Emulator

Device emulators are helpful for faster testing iteration and testing sensor inputs.

I first attempted to use Windows Subsystem for Android, and bypassed the region restrictions that block it in Australia. I was able to install Company Portal, but the work profile API was very broken even after I sideloaded its APKs. So I turned to the official Android SDK.

After installing the Company Portal APK, this snippet was helpful for parsing log exports:

$file = .\CompanyPortal_0.log
(Get-Content $file -Raw) -replace "`r`n","NEWLINE" -replace "NEWLINE([0-9]{4})","`n`$1" -replace "`t{2,}",";" | Set-Content $file
$data = Import-Csv -Delimiter "`t" -Header "time","level","class","code","code2" $file | % { $_.time=[Datetime]::Parse($_.time); $_ }
$data | group class -NoElement | sort count | fl

Teams Rooms and Phones

Teams devices run a few Teams management apps, which orchestrate Company Portal and vendor apps.

They distribute APKs via devicemgmt-cdn.teams.microsoft.com, which doesn’t support Delivery Optimization and the DO product team advised Android support wasn’t planned. The APK CDN is Azure Front Door so it doesn’t support ExpressRoute either, even though *.teams.microsoft.com is on the ExpressRoute endpoints list.

Work Profiles

Google Wallet doesn’t support work profiles, so virtual card apps like Weel need to be installed in the personal profile.

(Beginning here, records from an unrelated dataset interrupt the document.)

(* Let $\alpha=\frac{8}{97}(11-2\sqrt6)$. The function $$x\mapsto \frac{E(x)^2-(1-x)K(x)^2}{x^2K(x)}$$ is strictly increasing on $(0,\alpha)$, and for all $x\in(0,\alpha)$, $$E(x)^2-(1-x)K(x)^2\ge \frac{\pi}{16}\,x^2K(x).$$
   Context: $K(x)={\cal K}(\sqrt x)$ and $E(x)={\cal E}(\sqrt x)$ for $x\in[0,1)$, where ${\cal K}(r)=\int_0^{\pi/2}(1-r^2\sin^2t)^{-1/2}dt$ and ${\cal E}(r)=\int_0^{\pi/2}(1-r^2\sin^2t)^{1/2}dt$ are the complete elliptic integrals of the first and second kind. *)

theory Defs
  imports "HOL-Analysis.Analysis"
begin

text \<open>Complete elliptic integrals in the parameter convention of the paper:
  K(x) = cal K(sqrt x), E(x) = cal E(sqrt x), for x in [0,1).\<close>

definition ellK :: "real \<Rightarrow> real" where
  "ellK x = integral {0..pi/2} (\<lambda>t. 1 / sqrt (1 - x * (sin t)\<^sup>2))"

definition ellE :: "real \<Rightarrow> real" where
  "ellE x = integral {0..pi/2} (\<lambda>t. sqrt (1 - x * (sin t)\<^sup>2))"

end

theory Submission
  imports Defs
begin

text \<open>Differentiating under the integral sign, and integrating by parts, gives the classical
  formulas K' = (E - (1-x)K) / (2x(1-x)) and E' = (E - K) / (2x). Hence the numerator
  E^2 - (1-x)K^2 has derivative (E - K)^2/x, and the derivative of the quotient has the sign
  of the cubic 3(1-x)^2 + 2(1-x) - 3(1-x)t - (1-x)t^2 - t^3 at t = E/K. This cubic decreases in
  t > 0, and E/K satisfies a Riccati equation; comparing it with the rational function
  h(x) = (16 - 16x + 3x^2) / (8(2-x)) via an integrating factor gives E/K < h, while the cubic
  at t = h is x^3(256 - 640x + 456x^2 - 99x^3) / (512(2-x)^3) > 0 for x < 3/5. So the quotient
  increases on (0, 3/5), which contains (0, \<alpha>). Finally K - E \<ge> \<pi>x/4 makes the numerator at
  least \<pi>^2x^2/32, so the quotient is bounded below by its limit \<pi>/16 at 0.\<close>

lemma mult_sin_square_less_one:
  fixes x t :: real
  assumes "x < 1"
  shows "x * (sin t)^2 < 1"
proof -
  have "x * (sin t)^2 \<le> max x 0"
    by (cases "x \<ge> 0") (auto simp: mult_left_le mult_nonpos_nonneg abs_square_le_1)
  with assms show ?thesis by linarith
qed

lemmas mult_sin_square_neq_one = mult_sin_square_less_one[THEN less_imp_neq]

lemma ellK_has_integral:
  assumes "x < 1"
  shows "((\<lambda>t. 1 / sqrt (1 - x * (sin t)^2)) has_integral ellK x) {0..pi/2}"
  unfolding ellK_def using assms
  by (intro integrable_integral integrable_continuous_interval)
     (auto intro!: continuous_intros simp: mult_sin_square_less_one mult_sin_square_neq_one)

lemma ellE_has_integral:
  "((\<lambda>t. sqrt (1 - x * (sin t)^2)) has_integral ellE x) {0..pi/2}"
  unfolding ellE_def
  by (intro integrable_integral integrable_continuous_interval) (auto intro!: continuous_intros)

lemma ellK_has_derivative_integral:
  assumes "x < 1"
  shows "(ellK has_real_derivative
           integral {0..pi/2} (\<lambda>t. (sin t)^2 / (2 * (1 - x * (sin t)^2) * sqrt (1 - x * (sin t)^2))))
         (at x)"
proof -
  have "((\<lambda>x. integral (cbox 0 (pi/2)) (\<lambda>t. 1 / sqrt (1 - x * (sin t)^2))) has_field_derivative
          integral (cbox 0 (pi/2)) (\<lambda>t. (sin t)^2 / (2 * (1 - x * (sin t)^2) * sqrt (1 - x * (sin t)^2))))
        (at x within {..<1})"
  proof (rule leibniz_rule_field_derivative)
    fix y t :: real assume "y \<in> {..<1}"
    then have "0 < 1 - y * (sin t)^2" by (simp add: mult_sin_square_less_one)
    then show "((\<lambda>y. 1 / sqrt (1 - y * (sin t)^2)) has_field_derivative
                 (sin t)^2 / (2 * (1 - y * (sin t)^2) * sqrt (1 - y * (sin t)^2))) (at y within {..<1})"
      by (auto intro!: derivative_eq_intros simp: field_simps power2_eq_square)
  next
    show "continuous_on ({..<1} \<times> cbox 0 (pi/2))
            (\<lambda>(y, t). (sin t)^2 / (2 * (1 - y * (sin t)^2) * sqrt (1 - y * (sin t)^2)))"
      unfolding split_beta by (intro continuous_intros) (auto simp: mult_sin_square_neq_one)
  next
    fix y :: real assume "y \<in> {..<1}"
    then show "(\<lambda>t. 1 / sqrt (1 - y * (sin t)^2)) integrable_on cbox 0 (pi/2)"
      using ellK_has_integral by auto
  qed (simp_all add: assms)
  then show ?thesis
    unfolding ellK_def using assms by (simp add: at_within_open[of x "{..<1}"])
qed

lemma ellE_has_derivative_integral:
  assumes "x < 1"
  shows "(ellE has_real_derivative
           integral {0..pi/2} (\<lambda>t. - ((sin t)^2) / (2 * sqrt (1 - x * (sin t)^2)))) (at x)"
proof -
  have "((\<lambda>x. integral (cbox 0 (pi/2)) (\<lambda>t. sqrt (1 - x * (sin t)^2))) has_field_derivative
          integral (cbox 0 (pi/2)) (\<lambda>t. - ((sin t)^2) / (2 * sqrt (1 - x * (sin t)^2))))
        (at x within {..<1})"
  proof (rule leibniz_rule_field_derivative)
    fix y t :: real assume "y \<in> {..<1}"
    then have "0 < 1 - y * (sin t)^2" by (simp add: mult_sin_square_less_one)
    then show "((\<lambda>y. sqrt (1 - y * (sin t)^2)) has_field_derivative
                 - ((sin t)^2) / (2 * sqrt (1 - y * (sin t)^2))) (at y within {..<1})"
      by (auto intro!: derivative_eq_intros simp: field_simps)
  next
    show "continuous_on ({..<1} \<times> cbox 0 (pi/2)) (\<lambda>(y, t). - ((sin t)^2) / (2 * sqrt (1 - y * (sin t)^2)))"
      unfolding split_beta by (intro continuous_intros) (auto simp: mult_sin_square_neq_one)
  qed (use ellE_has_integral assms in auto)
  then show ?thesis
    unfolding ellE_def using assms by (simp add: at_within_open[of x "{..<1}"])
qed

Some apps don’t request permission to both profiles, like keyboards, but we can grant it manually with adb shell pm grant com.touchtype.swiftkey android.permission.INTERACT_ACROSS_USERS.
Swiftkey specifically has a function to request the permission and sync settings, but it crashes on Android 15. UI was a helpful “oops, something went wrong” and even hidden app logs didn’t show a crash… Just successful CrossProfileSender logs.